Egypt’s highest civilian court on Monday upheld death sentences for 12 senior Muslim Brotherhood figures over a 2013 sit-in which ended with security forces killing hundreds of protesters, judicial sources said.

The ruling, which cannot be appealed, means the 12 men could face execution pending approval by President Abdel Fattah al-Sisi. They include Abdul Rahman Al-Bar, commonly described as the group’s mufti or top religious scholar, Mohamed El-Beltagi, a former member of parliament, and Osama Yassin, a former minister.

Many Muslim Brotherhood figures have been sentenced to death in other cases related to the unrest that followed the military’s ousting of Brotherhood president Mohamed Mursi in 2013, but the Court of Cassation ordered retrials.

Rights groups have documented a sharp rise in the number of executions in Egypt, with at least 51 carried out so far this year according to Amnesty International.

“Instead of continuing to escalate their use of the death penalty by upholding death sentences following convictions in grossly unfair mass trials Egyptian authorities must immediately establish an official moratorium on executions,” Amnesty said in a statement.

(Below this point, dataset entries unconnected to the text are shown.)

text \<open>Every satisfying program of positive score is bounded by the priority of a queued prefix,
  which is at most the maximal priority \<open>\<rho>\<close>, the exact score of the complete \<open>P\<close>.\<close>
lemma optimal_program_return:
  assumes inv: "queue_invariant R S0 pth N spec Q"
    and P: "(P, \<rho>) \<in># Q" and max: "\<forall>(P', \<rho>')\<in>#Q. \<rho>' \<le> \<rho>"
    and feasible: "\<not> infeasible P" and complete: "complete P"
  shows "optimal_program R S0 pth N spec P"
proof -
  have adm: "\<forall>x\<in>#Q. admissible_entry R S0 pth N (fst x) (snd x)"
    using inv by (simp add: queue_invariant_def)
  have pp: "partial_program R S0 P" and \<rho>: "\<rho> = score pth N P"
    using adm P complete by (auto simp: admissible_entry_def)
  have "score pth N P0 \<le> score pth N P"
    if P0: "partial_program R S0 P0" "complete P0" "spec P0" for P0
  proof (cases "0 < score pth N P0")
    case True
    with inv P0 obtain x where x: "x \<in># Q" "prefix_tree (fst x) P0"
      by (auto simp: queue_invariant_def)
    with adm P0 have "score pth N P0 \<le> snd x" by (auto simp: admissible_entry_def)
    also have "snd x \<le> \<rho>" using max x(1) by (cases x) fastforce
    finally show ?thesis using \<rho> by simp
  next
    case False
    with score_bounds(1)[OF model finR pp] show ?thesis by linarith
  qed
  with pp complete exact[OF pp complete] feasible show ?thesis
    by (auto simp: optimal_program_def)
qed

lemma admissible_entry_upper_bound:
  assumes "partial_program R S0 P"
  shows "admissible_entry R S0 pth N P (upper_bound R pth N P)"
  using assms score_le_upper_bound[OF model finR assms]
  by (simp add: admissible_entry_def upper_bound_complete)

lemma queue_invariant_expand:
  assumes inv: "queue_invariant R S0 pth N spec Q"
    and P: "(P, \<rho>) \<in># Q" and l: "l \<in> inconcrete_nodes P"
  shows "queue_invariant R S0 pth N spec
           (Q - {#(P, \<rho>)#} +
              image_mset (\<lambda>r. (expand P l r, upper_bound R pth N (expand P l r)))
                (mset_set {r \<in> R. lhs r = hole_label P l \<and> pth N (ast_path P l) r > 0}))"
    (is "queue_invariant _ _ _ _ _ (?Q' + image_mset ?entry (mset_set ?A))")
proof -
  have pp: "partial_program R S0 P"
    using inv P by (auto simp: queue_invariant_def admissible_entry_def)
  obtain v where v: "subtree_at P l = Some (Hole v)"
    using l by (auto simp: inconcrete_nodes_def)
  have queue': "set_mset (?Q' + image_mset ?entry (mset_set ?A)) = set_mset ?Q' \<union> ?entry ` ?A"
    using finR by simp
  have "admissible_entry R S0 pth N (fst x) (snd x)" if "x \<in> ?entry ` ?A" for x
    using that partial_program_expand[OF model pp v] admissible_entry_upper_bound by auto
  moreover have "\<exists>x\<in>set_mset ?Q' \<union> ?entry ` ?A. prefix_tree (fst x) P0"
    if P0: "partial_program R S0 P0" "complete P0" "spec P0" "0 < score pth N P0" for P0
  proof -
    from inv P0 obtain x where x: "x \<in># Q" "prefix_tree (fst x) P0"
      by (auto simp: queue_invariant_def)
    show ?thesis
    proof (cases "x = (P, \<rho>)")
      case False
      with x show ?thesis by (intro bexI[of _ x]) (auto simp: in_diff_count)
    next
      case True
      with x obtain r where "r \<in> R" "lhs r = v" "0 < pth N (ast_path P l) r"
        "prefix_tree (expand P l r) P0"
        by (auto elim: prefix_tree_expand_towards[OF model finR pp P0(1,2,4) _ v])
      moreover have "hole_label P l = v" using v by (simp add: hole_label_def)
      ultimately show ?thesis by (intro bexI[of _ "?entry r"]) auto
    qed
  qed
  moreover have "admissible_entry R S0 pth N (fst x) (snd x)" if "x \<in># ?Q'" for x
    using inv that by (auto simp: queue_invariant_def dest: in_diffD)
  ultimately show ?thesis
    unfolding queue_invariant_def queue' by blast
qed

Monday’s ruling relates to a mass trial of hundreds of suspects accused of murder and incitement of violence during pro-Brotherhood protests at Rabaa al-Adawiya square in Cairo in the weeks after Mursi’s overthrow.

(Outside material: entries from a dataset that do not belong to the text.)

lemma zero_in_lap_eigenspace: "(\<lambda>_. 0) \<in> lap_eigenspace V E \<theta>"
  using vec_subspace_lap_eigenspace unfolding vec_subspace_def by blast

lemma closed_lap_eigenspace: "closed (lap_eigenspace V E \<theta>)"
proof -
  have "lap_eigenspace V E \<theta>
      = {x. \<forall>u. (if u \<in> V then 0 else x u) = 0 \<and> laplacian V E x u = \<theta> * x u}"
    unfolding lap_eigenspace_def vecs_def by (auto simp: fun_eq_iff)
  also have "closed \<dots>"
    by (intro closed_Collect_all closed_Collect_conj closed_Collect_eq continuous_intros)
  finally show ?thesis .
qed

lemma lap_eigenspaces_orthogonal:
  assumes "simple_graph V E" "x \<in> lap_eigenspace V E \<theta>" "y \<in> lap_eigenspace V E \<mu>" "\<theta> \<noteq> \<mu>"
  shows "vinner V x y = 0"
proof -
  have "\<theta> * vinner V x y = vinner V (laplacian V E x) y"
    using lap_eigenspace_laplacian[OF assms(2)] by (simp add: vinner_scale_left)
  also have "\<dots> = vinner V x (laplacian V E y)" using laplacian_symmetric[OF assms(1)] by simp
  also have "\<dots> = \<mu> * vinner V x y"
    using lap_eigenspace_laplacian[OF assms(3)] by (simp add: vinner_scale_right)
  finally show ?thesis using assms(4) by simp
qed

lemma eig_proj_characterization:
  assumes "finite V"
  shows "eig_proj V E \<theta> x \<in> lap_eigenspace V E \<theta>"
    and "\<And>w. w \<in> lap_eigenspace V E \<theta> \<Longrightarrow> vinner V (\<lambda>u. x u - eig_proj V E \<theta> x u) w = 0"
proof -
  let ?P = "\<lambda>y. y \<in> lap_eigenspace V E \<theta> \<and>
    (\<forall>w\<in>lap_eigenspace V E \<theta>. vinner V (\<lambda>u. x u - y u) w = 0)"
  have "\<exists>!y. ?P y"
    using orthogonal_projection_exists[OF assms closed_lap_eigenspace vec_subspace_lap_eigenspace]
      orthogonal_projection_unique[OF assms vec_subspace_lap_eigenspace] by blast
  then have "?P (eig_proj V E \<theta> x)" unfolding eig_proj_def by (rule theI')
  then show "eig_proj V E \<theta> x \<in> lap_eigenspace V E \<theta>"
    and "\<And>w. w \<in> lap_eigenspace V E \<theta> \<Longrightarrow> vinner V (\<lambda>u. x u - eig_proj V E \<theta> x u) w = 0"
    by blast+
qed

In September 2018, an Egyptian criminal court sentenced 75 people to death and issued varying jail terms for more than 600 others. Many defendants were tried in absentia.

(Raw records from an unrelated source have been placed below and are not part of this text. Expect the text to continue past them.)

text \<open>Changing the arcs at a single vertex x can only create copies of H that contain x.\<close>
lemma ncopies_le_if_arcs_agree_off_vertex:
  assumes fin: "finite (verts T)" and verts: "verts T' = verts T"
    and agree: "\<And>u v. u \<noteq> x \<Longrightarrow> v \<noteq> x \<Longrightarrow> arc T' u v = arc T u v"
  shows "ncopies H T' \<le> ncopies H T + ((card (verts T) - 1) choose (card (verts H) - 1))"
proof -
  let ?Y = "{X. X \<subseteq> verts T \<and> card X = card (verts H) \<and> x \<in> X}"
  have "copies H T' \<subseteq> copies H T \<union> ?Y"
  proof
    fix X assume X: "X \<in> copies H T'"
    show "X \<in> copies H T \<union> ?Y"
    proof (cases "x \<in> X")
      case False
      then have "tourn_iso (induced T' X) H \<longleftrightarrow> tourn_iso (induced T X) H"
        by (intro tourn_iso_cong) (simp_all, metis agree)
      then show ?thesis using X verts by (auto simp: copies_def)
    qed (use X verts in \<open>auto simp: copies_def\<close>)
  qed
  then have "ncopies H T' \<le> card (copies H T \<union> ?Y)"
    unfolding ncopies_eq_card_copies using fin
    by (intro card_mono) (auto intro: finite_copies finite_subset[of _ "Pow (verts T)"])
  also have "\<dots> \<le> ncopies H T + card ?Y"
    unfolding ncopies_eq_card_copies by (rule card_Un_le)
  also have "\<dots> \<le> ncopies H T + ((card (verts T) - 1) choose (card (verts H) - 1))"
    using card_subsets_containing_le[OF fin] by simp
  finally show ?thesis .
qed

definition transitive_tourn :: "nat \<Rightarrow> tourn" where
  "transitive_tourn K = ({0..<K}, (<))"

lemma verts_transitive_tourn [simp]: "verts (transitive_tourn K) = {0..<K}"
  and arc_transitive_tourn [simp]: "arc (transitive_tourn K) = (<)"
  by (simp_all add: transitive_tourn_def verts_def arc_def)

Forty-four of those sentenced to death appealed to the Court of Cassation. Thirty-one had their sentences changed to life in prison, while death sentences were upheld for 12 others.

A final defendant, the senior Muslim Brotherhood leader Essam el-Erian, died in prison in Cairo in August 2020. Mursi, Egypt’s first democratically elected president, died in prison in 2019.

The court also upheld jail terms for many other defendants including a life sentence for Mohamed Badie, leader of the outlawed Brotherhood, and a 10-year jail term for Mursi’s son Osama, the judicial sources said.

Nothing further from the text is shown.